→ YOUR INSTRUCTIONS: Copy exactly the lines of the data below that run from the line holding "using Suc by" through the line holding "n (\<lambda>_. 0)", both ends included.
┌─ DATA FOR REVIEW
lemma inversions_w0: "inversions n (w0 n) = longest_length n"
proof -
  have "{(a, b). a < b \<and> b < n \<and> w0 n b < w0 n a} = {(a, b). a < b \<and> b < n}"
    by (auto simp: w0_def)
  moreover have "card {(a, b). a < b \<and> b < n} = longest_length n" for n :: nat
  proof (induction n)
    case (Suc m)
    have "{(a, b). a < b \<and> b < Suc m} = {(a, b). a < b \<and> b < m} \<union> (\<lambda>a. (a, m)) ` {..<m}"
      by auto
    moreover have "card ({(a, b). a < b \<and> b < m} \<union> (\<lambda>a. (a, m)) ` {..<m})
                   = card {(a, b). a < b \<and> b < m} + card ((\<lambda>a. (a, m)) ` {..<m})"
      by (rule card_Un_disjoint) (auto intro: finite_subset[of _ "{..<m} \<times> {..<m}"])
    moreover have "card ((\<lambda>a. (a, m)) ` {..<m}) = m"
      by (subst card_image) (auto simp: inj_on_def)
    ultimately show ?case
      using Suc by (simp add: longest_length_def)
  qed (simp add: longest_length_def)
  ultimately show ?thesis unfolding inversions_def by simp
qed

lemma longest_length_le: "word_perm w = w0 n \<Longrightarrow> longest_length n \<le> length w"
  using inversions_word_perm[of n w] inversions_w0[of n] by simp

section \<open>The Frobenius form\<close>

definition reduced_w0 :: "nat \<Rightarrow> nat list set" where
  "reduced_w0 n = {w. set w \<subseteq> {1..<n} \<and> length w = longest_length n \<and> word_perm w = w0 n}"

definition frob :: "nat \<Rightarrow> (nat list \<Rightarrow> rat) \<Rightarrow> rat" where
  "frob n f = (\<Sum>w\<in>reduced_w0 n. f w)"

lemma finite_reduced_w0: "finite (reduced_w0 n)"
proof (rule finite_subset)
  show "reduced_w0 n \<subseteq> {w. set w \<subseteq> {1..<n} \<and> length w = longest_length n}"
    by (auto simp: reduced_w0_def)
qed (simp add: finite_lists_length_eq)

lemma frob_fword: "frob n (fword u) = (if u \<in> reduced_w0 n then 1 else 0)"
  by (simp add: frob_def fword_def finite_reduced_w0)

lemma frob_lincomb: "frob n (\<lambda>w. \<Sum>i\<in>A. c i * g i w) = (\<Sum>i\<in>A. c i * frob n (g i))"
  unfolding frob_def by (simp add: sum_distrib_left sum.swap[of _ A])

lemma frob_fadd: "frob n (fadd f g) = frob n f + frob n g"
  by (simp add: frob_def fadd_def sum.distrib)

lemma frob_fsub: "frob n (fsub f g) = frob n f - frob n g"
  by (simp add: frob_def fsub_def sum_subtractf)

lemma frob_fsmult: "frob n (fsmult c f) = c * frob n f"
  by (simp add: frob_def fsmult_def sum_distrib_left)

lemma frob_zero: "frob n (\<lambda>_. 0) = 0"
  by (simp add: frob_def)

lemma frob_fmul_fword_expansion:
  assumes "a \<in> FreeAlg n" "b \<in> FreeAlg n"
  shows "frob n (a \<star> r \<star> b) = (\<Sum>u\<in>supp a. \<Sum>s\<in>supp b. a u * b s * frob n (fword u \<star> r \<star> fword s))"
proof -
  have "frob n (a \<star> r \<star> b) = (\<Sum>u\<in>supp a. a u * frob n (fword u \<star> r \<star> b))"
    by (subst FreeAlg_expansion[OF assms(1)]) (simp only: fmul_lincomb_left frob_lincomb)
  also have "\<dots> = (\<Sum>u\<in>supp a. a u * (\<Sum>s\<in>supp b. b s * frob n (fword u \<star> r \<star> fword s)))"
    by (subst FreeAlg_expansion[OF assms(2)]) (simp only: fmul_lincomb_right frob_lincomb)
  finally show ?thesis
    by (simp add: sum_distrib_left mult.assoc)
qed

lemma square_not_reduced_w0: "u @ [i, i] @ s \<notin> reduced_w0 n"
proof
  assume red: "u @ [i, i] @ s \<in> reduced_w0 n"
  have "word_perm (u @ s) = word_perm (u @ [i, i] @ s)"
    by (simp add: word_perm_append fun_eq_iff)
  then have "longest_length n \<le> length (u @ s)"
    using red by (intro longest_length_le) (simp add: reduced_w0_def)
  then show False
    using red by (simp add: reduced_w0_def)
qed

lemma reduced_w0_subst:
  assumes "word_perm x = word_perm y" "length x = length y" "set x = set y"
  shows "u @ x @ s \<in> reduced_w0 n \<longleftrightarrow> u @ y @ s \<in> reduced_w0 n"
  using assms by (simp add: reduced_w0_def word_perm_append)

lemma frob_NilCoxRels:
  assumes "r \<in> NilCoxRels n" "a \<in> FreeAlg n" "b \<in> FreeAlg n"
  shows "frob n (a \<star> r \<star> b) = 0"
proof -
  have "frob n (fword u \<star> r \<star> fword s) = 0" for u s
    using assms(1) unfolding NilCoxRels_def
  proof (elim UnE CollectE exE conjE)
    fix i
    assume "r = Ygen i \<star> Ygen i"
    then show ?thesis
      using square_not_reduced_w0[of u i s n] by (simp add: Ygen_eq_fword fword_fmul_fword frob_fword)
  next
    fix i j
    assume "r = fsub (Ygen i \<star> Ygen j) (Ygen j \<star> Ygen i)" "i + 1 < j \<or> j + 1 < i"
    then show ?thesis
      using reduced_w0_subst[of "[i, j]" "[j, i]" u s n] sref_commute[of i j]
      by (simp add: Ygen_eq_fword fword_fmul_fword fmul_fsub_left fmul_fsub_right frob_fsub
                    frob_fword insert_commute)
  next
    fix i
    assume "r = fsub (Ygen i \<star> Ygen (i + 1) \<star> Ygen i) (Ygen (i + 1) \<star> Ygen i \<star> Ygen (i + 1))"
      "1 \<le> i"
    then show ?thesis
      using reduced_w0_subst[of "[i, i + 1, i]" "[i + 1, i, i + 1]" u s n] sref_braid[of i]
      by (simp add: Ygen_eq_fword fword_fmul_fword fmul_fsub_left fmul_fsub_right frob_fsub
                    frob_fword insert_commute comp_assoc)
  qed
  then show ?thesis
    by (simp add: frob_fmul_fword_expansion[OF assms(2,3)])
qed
└─
┌─ DATA FOR REVIEW
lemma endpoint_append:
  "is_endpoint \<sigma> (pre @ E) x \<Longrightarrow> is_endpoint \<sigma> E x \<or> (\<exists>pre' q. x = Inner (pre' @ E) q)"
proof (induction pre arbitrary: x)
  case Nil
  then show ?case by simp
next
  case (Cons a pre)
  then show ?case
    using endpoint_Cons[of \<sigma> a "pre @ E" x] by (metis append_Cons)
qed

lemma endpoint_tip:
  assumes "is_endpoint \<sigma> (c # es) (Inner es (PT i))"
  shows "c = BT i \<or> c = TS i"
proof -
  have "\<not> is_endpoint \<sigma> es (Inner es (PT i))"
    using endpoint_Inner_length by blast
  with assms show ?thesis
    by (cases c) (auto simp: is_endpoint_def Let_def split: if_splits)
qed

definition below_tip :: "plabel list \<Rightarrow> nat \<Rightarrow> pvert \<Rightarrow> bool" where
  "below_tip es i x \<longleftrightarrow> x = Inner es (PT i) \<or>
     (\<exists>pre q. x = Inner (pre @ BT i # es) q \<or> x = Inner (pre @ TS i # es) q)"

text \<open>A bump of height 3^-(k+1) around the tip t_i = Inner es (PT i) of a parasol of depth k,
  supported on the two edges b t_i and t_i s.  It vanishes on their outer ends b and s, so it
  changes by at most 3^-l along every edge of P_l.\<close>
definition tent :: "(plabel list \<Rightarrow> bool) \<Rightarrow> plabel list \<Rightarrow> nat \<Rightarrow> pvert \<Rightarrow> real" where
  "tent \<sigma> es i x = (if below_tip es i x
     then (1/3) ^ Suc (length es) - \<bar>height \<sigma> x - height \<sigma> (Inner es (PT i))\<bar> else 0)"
└─
→ YOUR RESPONSE:
      using Suc by (simp add: longest_length_def)
  qed (simp add: longest_length_def)
  ultimately show ?thesis unfolding inversions_def by simp
qed

lemma longest_length_le: "word_perm w = w0 n \<Longrightarrow> longest_length n \<le> length w"
  using inversions_word_perm[of n w] inversions_w0[of n] by simp

section \<open>The Frobenius form\<close>

definition reduced_w0 :: "nat \<Rightarrow> nat list set" where
  "reduced_w0 n = {w. set w \<subseteq> {1..<n} \<and> length w = longest_length n \<and> word_perm w = w0 n}"

definition frob :: "nat \<Rightarrow> (nat list \<Rightarrow> rat) \<Rightarrow> rat" where
  "frob n f = (\<Sum>w\<in>reduced_w0 n. f w)"

lemma finite_reduced_w0: "finite (reduced_w0 n)"
proof (rule finite_subset)
  show "reduced_w0 n \<subseteq> {w. set w \<subseteq> {1..<n} \<and> length w = longest_length n}"
    by (auto simp: reduced_w0_def)
qed (simp add: finite_lists_length_eq)

lemma frob_fword: "frob n (fword u) = (if u \<in> reduced_w0 n then 1 else 0)"
  by (simp add: frob_def fword_def finite_reduced_w0)

lemma frob_lincomb: "frob n (\<lambda>w. \<Sum>i\<in>A. c i * g i w) = (\<Sum>i\<in>A. c i * frob n (g i))"
  unfolding frob_def by (simp add: sum_distrib_left sum.swap[of _ A])

lemma frob_fadd: "frob n (fadd f g) = frob n f + frob n g"
  by (simp add: frob_def fadd_def sum.distrib)

lemma frob_fsub: "frob n (fsub f g) = frob n f - frob n g"
  by (simp add: frob_def fsub_def sum_subtractf)

lemma frob_fsmult: "frob n (fsmult c f) = c * frob n f"
  by (simp add: frob_def fsmult_def sum_distrib_left)

lemma frob_zero: "frob n (\<lambda>_. 0) = 0"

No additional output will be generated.